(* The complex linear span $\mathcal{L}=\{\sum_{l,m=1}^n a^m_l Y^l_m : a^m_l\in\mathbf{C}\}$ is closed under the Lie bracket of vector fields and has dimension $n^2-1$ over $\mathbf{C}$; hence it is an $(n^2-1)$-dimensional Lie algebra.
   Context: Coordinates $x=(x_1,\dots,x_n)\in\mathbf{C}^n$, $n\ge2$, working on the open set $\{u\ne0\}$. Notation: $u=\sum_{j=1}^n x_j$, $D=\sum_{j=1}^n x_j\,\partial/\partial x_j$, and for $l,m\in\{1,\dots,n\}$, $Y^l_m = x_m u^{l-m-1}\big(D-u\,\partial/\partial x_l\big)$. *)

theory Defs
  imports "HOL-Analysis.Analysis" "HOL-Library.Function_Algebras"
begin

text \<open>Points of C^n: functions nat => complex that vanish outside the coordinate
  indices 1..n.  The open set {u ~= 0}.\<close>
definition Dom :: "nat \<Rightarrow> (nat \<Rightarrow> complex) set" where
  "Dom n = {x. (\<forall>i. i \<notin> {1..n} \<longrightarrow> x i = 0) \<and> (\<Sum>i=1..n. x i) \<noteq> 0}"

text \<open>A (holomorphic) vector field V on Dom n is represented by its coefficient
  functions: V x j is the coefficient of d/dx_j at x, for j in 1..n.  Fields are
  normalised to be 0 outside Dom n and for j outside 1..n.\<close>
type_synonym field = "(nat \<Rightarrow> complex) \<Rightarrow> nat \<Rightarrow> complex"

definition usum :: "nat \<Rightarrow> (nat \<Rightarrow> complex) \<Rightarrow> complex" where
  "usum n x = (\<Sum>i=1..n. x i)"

——

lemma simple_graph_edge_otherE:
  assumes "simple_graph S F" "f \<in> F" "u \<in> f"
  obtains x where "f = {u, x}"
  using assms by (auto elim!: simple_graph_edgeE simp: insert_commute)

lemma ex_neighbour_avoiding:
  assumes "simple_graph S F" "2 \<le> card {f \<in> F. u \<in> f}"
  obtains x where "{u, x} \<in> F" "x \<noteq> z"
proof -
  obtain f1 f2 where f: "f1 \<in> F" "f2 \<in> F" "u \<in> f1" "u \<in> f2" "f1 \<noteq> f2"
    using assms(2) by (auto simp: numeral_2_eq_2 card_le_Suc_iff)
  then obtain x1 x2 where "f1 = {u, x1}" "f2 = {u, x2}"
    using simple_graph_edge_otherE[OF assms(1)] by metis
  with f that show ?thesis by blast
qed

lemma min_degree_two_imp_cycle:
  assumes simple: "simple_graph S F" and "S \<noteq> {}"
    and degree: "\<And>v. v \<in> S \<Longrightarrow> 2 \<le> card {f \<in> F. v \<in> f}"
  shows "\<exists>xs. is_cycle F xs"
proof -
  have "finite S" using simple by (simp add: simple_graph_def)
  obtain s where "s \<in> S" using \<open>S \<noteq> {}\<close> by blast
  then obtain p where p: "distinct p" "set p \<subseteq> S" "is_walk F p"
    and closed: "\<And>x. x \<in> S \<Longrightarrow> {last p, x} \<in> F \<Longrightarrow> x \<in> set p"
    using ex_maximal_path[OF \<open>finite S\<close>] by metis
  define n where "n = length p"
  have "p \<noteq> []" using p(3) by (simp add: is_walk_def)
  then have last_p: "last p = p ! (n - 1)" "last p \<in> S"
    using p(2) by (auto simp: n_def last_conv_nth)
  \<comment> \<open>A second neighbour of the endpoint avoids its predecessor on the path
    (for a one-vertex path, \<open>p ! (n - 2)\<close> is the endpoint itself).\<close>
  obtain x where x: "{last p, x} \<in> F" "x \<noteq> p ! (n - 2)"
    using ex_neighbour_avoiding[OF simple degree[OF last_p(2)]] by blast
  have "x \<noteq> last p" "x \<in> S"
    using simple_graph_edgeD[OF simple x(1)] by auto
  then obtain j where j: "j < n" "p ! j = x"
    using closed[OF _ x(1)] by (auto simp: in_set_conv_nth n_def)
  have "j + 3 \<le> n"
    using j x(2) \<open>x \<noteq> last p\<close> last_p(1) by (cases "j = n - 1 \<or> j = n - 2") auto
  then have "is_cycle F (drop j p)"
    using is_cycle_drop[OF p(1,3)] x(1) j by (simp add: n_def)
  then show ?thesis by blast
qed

——

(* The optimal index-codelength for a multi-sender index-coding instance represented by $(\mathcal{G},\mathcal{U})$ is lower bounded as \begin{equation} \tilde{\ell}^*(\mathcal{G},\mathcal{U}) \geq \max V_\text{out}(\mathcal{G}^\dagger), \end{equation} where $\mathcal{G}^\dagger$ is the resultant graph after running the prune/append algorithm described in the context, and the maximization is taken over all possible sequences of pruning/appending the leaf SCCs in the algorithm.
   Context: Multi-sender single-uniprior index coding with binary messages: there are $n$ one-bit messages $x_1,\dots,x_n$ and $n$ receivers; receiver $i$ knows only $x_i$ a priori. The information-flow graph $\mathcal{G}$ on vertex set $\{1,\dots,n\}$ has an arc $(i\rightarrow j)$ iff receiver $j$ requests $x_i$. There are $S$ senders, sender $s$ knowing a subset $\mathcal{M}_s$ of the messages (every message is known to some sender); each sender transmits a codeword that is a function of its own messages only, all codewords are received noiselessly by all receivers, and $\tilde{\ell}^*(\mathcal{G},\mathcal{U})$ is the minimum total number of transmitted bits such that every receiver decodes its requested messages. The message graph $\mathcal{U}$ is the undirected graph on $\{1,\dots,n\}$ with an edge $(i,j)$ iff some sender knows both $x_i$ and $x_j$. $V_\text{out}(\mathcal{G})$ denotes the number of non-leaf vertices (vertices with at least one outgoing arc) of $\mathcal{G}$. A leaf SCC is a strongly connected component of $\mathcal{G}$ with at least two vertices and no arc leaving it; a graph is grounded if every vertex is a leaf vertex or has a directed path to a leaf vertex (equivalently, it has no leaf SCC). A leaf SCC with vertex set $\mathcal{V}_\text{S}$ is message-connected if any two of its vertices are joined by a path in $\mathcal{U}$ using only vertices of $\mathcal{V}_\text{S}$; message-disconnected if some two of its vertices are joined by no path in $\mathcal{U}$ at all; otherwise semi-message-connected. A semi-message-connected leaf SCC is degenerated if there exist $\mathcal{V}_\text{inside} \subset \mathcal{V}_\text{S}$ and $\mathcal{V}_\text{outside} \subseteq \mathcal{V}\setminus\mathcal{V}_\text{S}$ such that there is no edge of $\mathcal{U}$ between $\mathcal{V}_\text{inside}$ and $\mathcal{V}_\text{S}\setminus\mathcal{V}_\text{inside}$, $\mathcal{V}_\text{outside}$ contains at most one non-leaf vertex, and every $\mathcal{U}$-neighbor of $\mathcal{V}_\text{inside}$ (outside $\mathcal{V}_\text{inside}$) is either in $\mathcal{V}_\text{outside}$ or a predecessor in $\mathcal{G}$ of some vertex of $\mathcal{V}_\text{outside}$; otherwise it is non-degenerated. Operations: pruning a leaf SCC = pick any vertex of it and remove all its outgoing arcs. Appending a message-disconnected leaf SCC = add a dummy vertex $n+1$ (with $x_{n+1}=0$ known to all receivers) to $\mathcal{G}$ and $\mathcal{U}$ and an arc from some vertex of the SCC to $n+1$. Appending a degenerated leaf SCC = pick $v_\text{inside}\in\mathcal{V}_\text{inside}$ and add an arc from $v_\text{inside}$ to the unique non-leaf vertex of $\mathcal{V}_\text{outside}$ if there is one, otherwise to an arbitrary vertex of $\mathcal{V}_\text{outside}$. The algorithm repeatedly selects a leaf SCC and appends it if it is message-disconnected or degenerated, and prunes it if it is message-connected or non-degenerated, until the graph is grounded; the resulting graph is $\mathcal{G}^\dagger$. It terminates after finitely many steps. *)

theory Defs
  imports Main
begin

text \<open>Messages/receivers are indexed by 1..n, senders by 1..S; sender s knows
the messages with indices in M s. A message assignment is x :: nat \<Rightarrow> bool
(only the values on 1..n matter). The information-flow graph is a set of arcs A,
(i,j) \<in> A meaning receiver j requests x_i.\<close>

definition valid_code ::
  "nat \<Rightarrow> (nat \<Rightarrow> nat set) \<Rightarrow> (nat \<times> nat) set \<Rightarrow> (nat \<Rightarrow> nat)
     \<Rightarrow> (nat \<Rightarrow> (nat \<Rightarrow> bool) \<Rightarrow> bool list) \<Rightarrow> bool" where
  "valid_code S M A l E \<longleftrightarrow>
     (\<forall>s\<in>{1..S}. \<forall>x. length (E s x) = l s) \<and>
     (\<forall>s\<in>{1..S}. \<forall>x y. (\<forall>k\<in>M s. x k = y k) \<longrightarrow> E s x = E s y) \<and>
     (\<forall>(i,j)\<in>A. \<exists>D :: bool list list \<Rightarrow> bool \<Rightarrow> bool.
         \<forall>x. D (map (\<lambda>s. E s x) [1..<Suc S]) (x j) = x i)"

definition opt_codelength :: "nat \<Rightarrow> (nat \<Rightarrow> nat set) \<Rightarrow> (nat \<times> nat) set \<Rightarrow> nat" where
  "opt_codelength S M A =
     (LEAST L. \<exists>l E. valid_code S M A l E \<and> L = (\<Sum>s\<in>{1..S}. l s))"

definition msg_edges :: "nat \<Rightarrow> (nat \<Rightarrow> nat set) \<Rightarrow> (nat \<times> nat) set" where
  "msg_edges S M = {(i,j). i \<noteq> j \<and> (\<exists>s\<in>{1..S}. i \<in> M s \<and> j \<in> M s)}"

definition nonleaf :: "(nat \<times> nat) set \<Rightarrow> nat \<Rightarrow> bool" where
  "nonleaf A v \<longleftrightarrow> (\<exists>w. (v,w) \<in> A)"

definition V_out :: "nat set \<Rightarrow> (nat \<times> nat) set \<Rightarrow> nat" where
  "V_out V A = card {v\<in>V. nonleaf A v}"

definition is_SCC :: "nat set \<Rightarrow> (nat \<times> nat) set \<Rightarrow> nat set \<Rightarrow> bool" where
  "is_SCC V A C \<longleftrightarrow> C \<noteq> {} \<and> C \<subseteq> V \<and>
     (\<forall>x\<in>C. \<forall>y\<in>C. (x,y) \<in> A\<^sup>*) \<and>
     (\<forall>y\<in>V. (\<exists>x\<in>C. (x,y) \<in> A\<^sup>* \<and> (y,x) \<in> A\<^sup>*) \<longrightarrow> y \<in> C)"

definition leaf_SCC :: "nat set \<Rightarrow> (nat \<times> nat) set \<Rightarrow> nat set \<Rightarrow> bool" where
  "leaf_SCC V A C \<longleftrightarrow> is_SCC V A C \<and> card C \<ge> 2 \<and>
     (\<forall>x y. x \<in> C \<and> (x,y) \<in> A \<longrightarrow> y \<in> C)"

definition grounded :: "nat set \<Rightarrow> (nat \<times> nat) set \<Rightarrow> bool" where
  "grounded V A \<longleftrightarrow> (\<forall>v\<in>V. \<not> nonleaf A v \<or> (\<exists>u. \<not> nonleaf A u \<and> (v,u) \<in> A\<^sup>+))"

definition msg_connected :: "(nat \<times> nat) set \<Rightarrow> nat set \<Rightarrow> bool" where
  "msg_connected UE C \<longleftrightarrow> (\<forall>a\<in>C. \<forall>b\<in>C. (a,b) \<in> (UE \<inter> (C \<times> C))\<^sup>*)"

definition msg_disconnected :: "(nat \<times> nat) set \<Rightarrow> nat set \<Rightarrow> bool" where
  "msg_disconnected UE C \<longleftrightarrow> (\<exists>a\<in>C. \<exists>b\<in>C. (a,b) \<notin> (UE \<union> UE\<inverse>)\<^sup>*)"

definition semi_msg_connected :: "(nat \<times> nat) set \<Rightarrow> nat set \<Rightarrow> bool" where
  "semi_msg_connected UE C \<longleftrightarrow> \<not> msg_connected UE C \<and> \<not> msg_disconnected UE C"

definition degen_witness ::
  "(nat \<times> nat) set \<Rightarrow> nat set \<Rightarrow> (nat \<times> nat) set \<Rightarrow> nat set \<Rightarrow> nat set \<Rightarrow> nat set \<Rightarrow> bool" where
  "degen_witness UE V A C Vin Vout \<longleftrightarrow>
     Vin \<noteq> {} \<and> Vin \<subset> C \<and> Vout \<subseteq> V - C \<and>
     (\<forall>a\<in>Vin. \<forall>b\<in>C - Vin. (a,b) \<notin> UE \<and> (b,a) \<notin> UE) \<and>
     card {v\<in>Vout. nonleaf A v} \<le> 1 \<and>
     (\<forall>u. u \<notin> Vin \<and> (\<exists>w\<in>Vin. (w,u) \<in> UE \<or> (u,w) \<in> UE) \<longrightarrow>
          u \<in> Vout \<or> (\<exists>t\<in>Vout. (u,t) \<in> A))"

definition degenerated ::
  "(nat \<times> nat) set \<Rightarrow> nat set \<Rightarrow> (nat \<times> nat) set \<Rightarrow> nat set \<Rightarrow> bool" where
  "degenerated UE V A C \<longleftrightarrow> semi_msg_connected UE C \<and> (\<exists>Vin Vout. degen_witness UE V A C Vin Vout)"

——

**About this task**
Copy each line from the data above that includes "endpoint".

**Output of the exercise**
  \<comment> \<open>A second neighbour of the endpoint avoids its predecessor on the path
    (for a one-vertex path, \<open>p ! (n - 2)\<close> is the endpoint itself).\<close>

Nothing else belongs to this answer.